▶ [Data to use]
*** Block opens ***

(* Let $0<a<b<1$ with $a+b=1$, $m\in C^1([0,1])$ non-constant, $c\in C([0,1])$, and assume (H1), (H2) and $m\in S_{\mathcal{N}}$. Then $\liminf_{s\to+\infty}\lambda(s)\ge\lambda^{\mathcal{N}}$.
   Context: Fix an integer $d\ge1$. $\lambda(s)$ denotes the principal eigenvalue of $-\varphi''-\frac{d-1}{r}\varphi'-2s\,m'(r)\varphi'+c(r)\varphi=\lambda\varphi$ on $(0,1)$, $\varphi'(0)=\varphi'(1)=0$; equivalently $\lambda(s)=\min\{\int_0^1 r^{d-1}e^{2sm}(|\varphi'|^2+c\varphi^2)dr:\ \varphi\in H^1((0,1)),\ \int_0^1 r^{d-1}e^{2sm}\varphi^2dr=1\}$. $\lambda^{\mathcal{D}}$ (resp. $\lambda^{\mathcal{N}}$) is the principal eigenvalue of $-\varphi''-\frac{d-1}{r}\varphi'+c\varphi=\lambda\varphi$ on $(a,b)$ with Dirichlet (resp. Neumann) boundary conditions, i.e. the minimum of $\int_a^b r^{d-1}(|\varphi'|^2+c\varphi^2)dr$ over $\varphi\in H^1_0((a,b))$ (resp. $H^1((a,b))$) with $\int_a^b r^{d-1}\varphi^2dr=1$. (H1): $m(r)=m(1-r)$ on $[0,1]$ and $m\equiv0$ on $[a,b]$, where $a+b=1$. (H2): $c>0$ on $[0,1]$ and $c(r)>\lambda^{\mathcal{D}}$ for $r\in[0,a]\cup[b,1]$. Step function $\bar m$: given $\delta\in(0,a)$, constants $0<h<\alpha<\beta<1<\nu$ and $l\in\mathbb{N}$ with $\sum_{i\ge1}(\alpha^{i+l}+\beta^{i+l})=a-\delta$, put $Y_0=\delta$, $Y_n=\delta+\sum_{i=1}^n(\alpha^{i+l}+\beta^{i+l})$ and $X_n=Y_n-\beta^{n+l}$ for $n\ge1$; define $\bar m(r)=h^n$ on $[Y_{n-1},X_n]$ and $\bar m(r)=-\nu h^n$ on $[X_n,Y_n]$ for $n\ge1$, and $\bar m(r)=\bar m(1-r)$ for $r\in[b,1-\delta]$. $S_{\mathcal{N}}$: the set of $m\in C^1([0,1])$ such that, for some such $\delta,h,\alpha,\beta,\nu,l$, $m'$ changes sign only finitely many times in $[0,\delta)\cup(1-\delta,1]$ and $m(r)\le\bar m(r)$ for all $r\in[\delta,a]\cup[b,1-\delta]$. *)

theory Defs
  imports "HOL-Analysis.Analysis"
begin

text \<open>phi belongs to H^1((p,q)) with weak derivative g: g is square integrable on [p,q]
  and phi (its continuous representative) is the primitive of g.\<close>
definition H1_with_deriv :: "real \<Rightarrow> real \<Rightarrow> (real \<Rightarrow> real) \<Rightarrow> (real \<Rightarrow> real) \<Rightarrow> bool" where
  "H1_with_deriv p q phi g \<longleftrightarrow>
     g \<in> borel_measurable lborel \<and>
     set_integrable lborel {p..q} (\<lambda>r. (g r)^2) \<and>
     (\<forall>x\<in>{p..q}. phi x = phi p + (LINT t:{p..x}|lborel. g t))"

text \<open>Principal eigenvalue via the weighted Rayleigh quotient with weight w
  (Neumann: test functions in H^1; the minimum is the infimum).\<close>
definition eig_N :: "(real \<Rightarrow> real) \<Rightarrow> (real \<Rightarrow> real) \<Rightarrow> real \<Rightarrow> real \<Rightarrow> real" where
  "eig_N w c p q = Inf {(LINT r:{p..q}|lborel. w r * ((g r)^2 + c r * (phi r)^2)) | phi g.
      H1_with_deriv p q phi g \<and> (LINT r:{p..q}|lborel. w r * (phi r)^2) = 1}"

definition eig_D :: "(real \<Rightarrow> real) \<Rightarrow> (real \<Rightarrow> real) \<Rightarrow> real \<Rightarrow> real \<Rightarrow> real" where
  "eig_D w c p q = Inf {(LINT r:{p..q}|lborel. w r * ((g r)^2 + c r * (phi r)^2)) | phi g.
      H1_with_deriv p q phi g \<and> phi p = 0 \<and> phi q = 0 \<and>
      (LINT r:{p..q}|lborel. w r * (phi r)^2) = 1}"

*** Block closes ***

Copy the lines above exactly, leaving every word as it is.

(* Let $0<a<b<1$ with $a+b=1$, $m\in C^1([0,1])$ non-constant, $c\in C([0,1])$, and assume (H1), (H2) and $m\in S_{\mathcal{N}}$. Then $\liminf_{s\to+\infty}\lambda(s)\ge\lambda^{\mathcal{N}}$.
   Context: Fix an integer $d\ge1$. $\lambda(s)$ denotes the principal eigenvalue of $-\varphi''-\frac{d-1}{r}\varphi'-2s\,m'(r)\varphi'+c(r)\varphi=\lambda\varphi$ on $(0,1)$, $\varphi'(0)=\varphi'(1)=0$; equivalently $\lambda(s)=\min\{\int_0^1 r^{d-1}e^{2sm}(|\varphi'|^2+c\varphi^2)dr:\ \varphi\in H^1((0,1)),\ \int_0^1 r^{d-1}e^{2sm}\varphi^2dr=1\}$. $\lambda^{\mathcal{D}}$ (resp. $\lambda^{\mathcal{N}}$) is the principal eigenvalue of $-\varphi''-\frac{d-1}{r}\varphi'+c\varphi=\lambda\varphi$ on $(a,b)$ with Dirichlet (resp. Neumann) boundary conditions, i.e. the minimum of $\int_a^b r^{d-1}(|\varphi'|^2+c\varphi^2)dr$ over $\varphi\in H^1_0((a,b))$ (resp. $H^1((a,b))$) with $\int_a^b r^{d-1}\varphi^2dr=1$. (H1): $m(r)=m(1-r)$ on $[0,1]$ and $m\equiv0$ on $[a,b]$, where $a+b=1$. (H2): $c>0$ on $[0,1]$ and $c(r)>\lambda^{\mathcal{D}}$ for $r\in[0,a]\cup[b,1]$. Step function $\bar m$: given $\delta\in(0,a)$, constants $0<h<\alpha<\beta<1<\nu$ and $l\in\mathbb{N}$ with $\sum_{i\ge1}(\alpha^{i+l}+\beta^{i+l})=a-\delta$, put $Y_0=\delta$, $Y_n=\delta+\sum_{i=1}^n(\alpha^{i+l}+\beta^{i+l})$ and $X_n=Y_n-\beta^{n+l}$ for $n\ge1$; define $\bar m(r)=h^n$ on $[Y_{n-1},X_n]$ and $\bar m(r)=-\nu h^n$ on $[X_n,Y_n]$ for $n\ge1$, and $\bar m(r)=\bar m(1-r)$ for $r\in[b,1-\delta]$. $S_{\mathcal{N}}$: the set of $m\in C^1([0,1])$ such that, for some such $\delta,h,\alpha,\beta,\nu,l$, $m'$ changes sign only finitely many times in $[0,\delta)\cup(1-\delta,1]$ and $m(r)\le\bar m(r)$ for all $r\in[\delta,a]\cup[b,1-\delta]$. *)

theory Defs
  imports "HOL-Analysis.Analysis"
begin

text \<open>phi belongs to H^1((p,q)) with weak derivative g: g is square integrable on [p,q]
  and phi (its continuous representative) is the primitive of g.\<close>
definition H1_with_deriv :: "real \<Rightarrow> real \<Rightarrow> (real \<Rightarrow> real) \<Rightarrow> (real \<Rightarrow> real) \<Rightarrow> bool" where
  "H1_with_deriv p q phi g \<longleftrightarrow>
     g \<in> borel_measurable lborel \<and>
     set_integrable lborel {p..q} (\<lambda>r. (g r)^2) \<and>
     (\<forall>x\<in>{p..q}. phi x = phi p + (LINT t:{p..x}|lborel. g t))"

text \<open>Principal eigenvalue via the weighted Rayleigh quotient with weight w
  (Neumann: test functions in H^1; the minimum is the infimum).\<close>
definition eig_N :: "(real \<Rightarrow> real) \<Rightarrow> (real \<Rightarrow> real) \<Rightarrow> real \<Rightarrow> real \<Rightarrow> real" where
  "eig_N w c p q = Inf {(LINT r:{p..q}|lborel. w r * ((g r)^2 + c r * (phi r)^2)) | phi g.
      H1_with_deriv p q phi g \<and> (LINT r:{p..q}|lborel. w r * (phi r)^2) = 1}"

definition eig_D :: "(real \<Rightarrow> real) \<Rightarrow> (real \<Rightarrow> real) \<Rightarrow> real \<Rightarrow> real \<Rightarrow> real" where
  "eig_D w c p q = Inf {(LINT r:{p..q}|lborel. w r * ((g r)^2 + c r * (phi r)^2)) | phi g.
      H1_with_deriv p q phi g \<and> phi p = 0 \<and> phi q = 0 \<and>
      (LINT r:{p..q}|lborel. w r * (phi r)^2) = 1}"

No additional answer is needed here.